O dia de São Guevara
            No sábado 14 de Junho de 1952, eu, fulano insignificante, completei 24 anos, à beira do transcendental quarto de século, das bodas de prata com a vida, que não me tratou assim tão mal, afinal de contas. Fui ao rio cedo, para tentar mais uma vez a sorte com os peixes, mas este desporto é como o jogo: o que começa por ganhar acaba perdendo. Pela tarde, jogámos uma partida de futebol em que ocupei o meu habitual lugar de guarda-redes, com melhor resultado que nas vezes anteriores. À noite, depois de passar por casa do doutor Bresciani, que nos presenteou com uma rica e abundante refeição, receberam-nos no nosso refeitório com a bebida nacional, o pisco, de cujos efeitos no sistema nervoso central Alberto tem experiência exacta. Já com os ânimos um tanto alegrados, o director da colónia[4] fez-nos um brinde muito simpático e eu, já meio “piscado”, elaborei mais ou menos o discurso que se segue:
            “Bom, é uma obrigação para mim agradecer com algo mais que com um gesto convencional o brinde que nos oferece o Dr. Bresciani. Nas condições precárias em que viajámos, só nos resta a palavra como recurso da expressão afectiva, e é empregando-a que quero manifestar o meu agradecimento, e o do meu companheiro de viagem, a todo o pessoal da colónia que, quase sem nos conhecer, nos proporcionou esta magnífica demonstração de afecto, que significa para nós a deferência de festejar o nosso aniversário, como se fosse a festa íntima de algum de vós.
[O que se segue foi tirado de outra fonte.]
lemma derived_se_pair_imp_nonzero:
  assumes nw: "derived g i j \<noteq> 0" and se: "derived g i' j' \<noteq> 0" and "i' < i" "j < j'"
  shows "\<exists>a b. i' \<le> a \<and> a < i \<and> j \<le> b \<and> b < j' \<and> g a b \<noteq> 0"
proof (rule ccontr)
  assume none: "\<not> ?thesis"
  note nw' = derived_nonzeroD[OF nw] and se' = derived_nonzeroD[OF se]
  have pos: "0 < i" "0 < j" "0 < i'" "0 < j'" using nw' se' by auto
  have "g a j = 0" if "i'-1 < a" "a \<le> i-1" for a
  proof -
    have "i' \<le> a" "a < i" using that pos by auto
    then show ?thesis using none assms by blast
  qed
  then have "max_chain g (i-1) j = max (max_chain g (i-1) (j-1)) (max_chain g (i'-1) j)"
    by (intro max_chain_skip_zero_column) (use assms nw' in auto)
  then have "max_chain g (i-1) (j-1) < max_chain g (i'-1) j" using nw' by linarith
  moreover have "max_chain g i' (j'-1) = max (max_chain g (i'-1) (j'-1)) (max_chain g i' (j-1))"
  proof (rule max_chain_skip_zero_row)
    show "\<forall>b. j-1 < b \<and> b \<le> j'-1 \<longrightarrow> g i' b = 0"
    proof (intro allI impI)
      fix b assume "j-1 < b \<and> b \<le> j'-1"
      then have "j \<le> b" "b < j'" using pos by auto
      then show "g i' b = 0" using none assms by blast
    qed
  qed (use assms se' in auto)
  then have "max_chain g (i'-1) (j'-1) < max_chain g i' (j-1)" using se' by linarith
  moreover have "max_chain g i' (j-1) \<le> max_chain g (i-1) (j-1)"
    "max_chain g (i'-1) j \<le> max_chain g (i'-1) (j'-1)"
    using assms by (auto intro: max_chain_mono)
  ultimately show False by linarith
qed

lemma derived_nonzero_imp_left:
  assumes "derived g i j \<noteq> 0" shows "\<exists>b. 1 \<le> b \<and> b < j \<and> g i b \<noteq> 0"
proof (rule ccontr)
  assume "\<not> ?thesis"
  with derived_nonzeroD[OF assms]
  have "max_chain g i (j-1) = max (max_chain g (i-1) (j-1)) (max_chain g i 0)"
    by (intro max_chain_skip_zero_row) auto
  then show False using derived_nonzeroD[OF assms] by simp
qed

lemma derived_nonzero_imp_below:
  assumes "derived g i j \<noteq> 0" shows "\<exists>a. 1 \<le> a \<and> a < i \<and> g a j \<noteq> 0"
proof (rule ccontr)
  assume "\<not> ?thesis"
  with derived_nonzeroD[OF assms]
  have "max_chain g (i-1) j = max (max_chain g (i-1) (j-1)) (max_chain g 0 j)"
    by (intro max_chain_skip_zero_column) auto
  then show False using derived_nonzeroD[OF assms] by simp
qed

definition has_se_chain :: "filling \<Rightarrow> nat \<Rightarrow> nat \<Rightarrow> nat \<Rightarrow> bool" where
  "has_se_chain g s p q \<longleftrightarrow> (\<exists>c :: nat \<Rightarrow> cell.
     (\<forall>t\<in>{1..s}. entry g (c t) \<noteq> 0 \<and> fst (c t) \<in> {1..p} \<and> snd (c t) \<in> {1..q}) \<and>
     (\<forall>t\<in>{1..<s}. fst (c (Suc t)) < fst (c t) \<and> snd (c t) < snd (c (Suc t))))"

lemma has_se_chain_derived:
  assumes "has_se_chain g (Suc s) p q"
  shows "has_se_chain (derived g) s p q"
proof -
  obtain c where c_in: "\<forall>t\<in>{1..Suc s}. entry g (c t) \<noteq> 0 \<and> fst (c t) \<in> {1..p} \<and> snd (c t) \<in> {1..q}"
    and c_se: "\<forall>t\<in>{1..<Suc s}. fst (c (Suc t)) < fst (c t) \<and> snd (c t) < snd (c (Suc t))"
    using assms unfolding has_se_chain_def by blast
  have "\<forall>t\<in>{1..s}. \<exists>w. fst (c (Suc t)) < fst w \<and> fst w \<le> fst (c t) \<and>
      snd (c t) < snd w \<and> snd w \<le> snd (c (Suc t)) \<and> entry (derived g) w \<noteq> 0"
  proof
    fix t assume "t \<in> {1..s}"
    then have "\<exists>a b. fst (c (Suc t)) < a \<and> a \<le> fst (c t) \<and> snd (c t) < b \<and> b \<le> snd (c (Suc t)) \<and>
        derived g a b \<noteq> 0"
      using c_in c_se by (intro se_pair_imp_derived_nonzero) (auto simp: entry_def)
    then show "\<exists>w. fst (c (Suc t)) < fst w \<and> fst w \<le> fst (c t) \<and>
      snd (c t) < snd w \<and> snd w \<le> snd (c (Suc t)) \<and> entry (derived g) w \<noteq> 0"
      by (auto simp: entry_def)
  qed
  then obtain w where w: "\<forall>t\<in>{1..s}. fst (c (Suc t)) < fst (w t) \<and> fst (w t) \<le> fst (c t) \<and>
      snd (c t) < snd (w t) \<and> snd (w t) \<le> snd (c (Suc t)) \<and> entry (derived g) (w t) \<noteq> 0"
    by (metis bchoice)
  have "entry (derived g) (w t) \<noteq> 0 \<and> fst (w t) \<in> {1..p} \<and> snd (w t) \<in> {1..q}" if "t \<in> {1..s}" for t
    using that w c_in[rule_format, of t] c_in[rule_format, of "Suc t"] by fastforce
  moreover have "fst (w (Suc t)) < fst (w t) \<and> snd (w t) < snd (w (Suc t))" if "t \<in> {1..<s}" for t
    using that w[rule_format, of t] w[rule_format, of "Suc t"] by auto
  ultimately show ?thesis unfolding has_se_chain_def by blast
qed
Mas há algo mais; dentro de poucos dias deixaremos o território peruano, e por isso estas palavras assumem um segundo significado, o de uma despedida. Aqui ponho todo o meu empenho em expressar o nosso reconhecimento a todo o povo deste país, que sempre nos cumulou de amabilidades, desde a nossa chegada a Tacna. Quero salientar mais uma coisa, um pouco à margem do tema deste brinde: ainda que a modéstia das nossas pessoas nos impeça de ser porta-vozes de tal causa, cremos, e depois desta viagem mais firmemente que antes, que é completamente fictícia a divisão da América em nacionalidades incertas e ilusórias. Constituímos uma só raça mestiça que, desde o México até ao estreito de Magalhães, apresenta notáveis semelhanças etnográficas. Por isso, procurando libertar-me de toda a carga de provincialismo estreito, brindo pelo Peru e pela América Unida.”
(pp. 110-111)

Che Guevara (1996). Viagem pela América. Lisboa: Edições Dinossauro.

Notas nossas:


[1] A motocicleta com que empreenderam parte da viagem, uma Norton 500 cc. fabricada em 1939.
[2] O cão que com eles partilhou o início da aventura.
[3] Por esta altura a Poderosa deixou já de lhes fazer companhia.
[4] Os dois viajantes encontram-se nesta altura na leprosaria de San Pablo (Peru) – recorde-se que Guevara era finalista de medicina.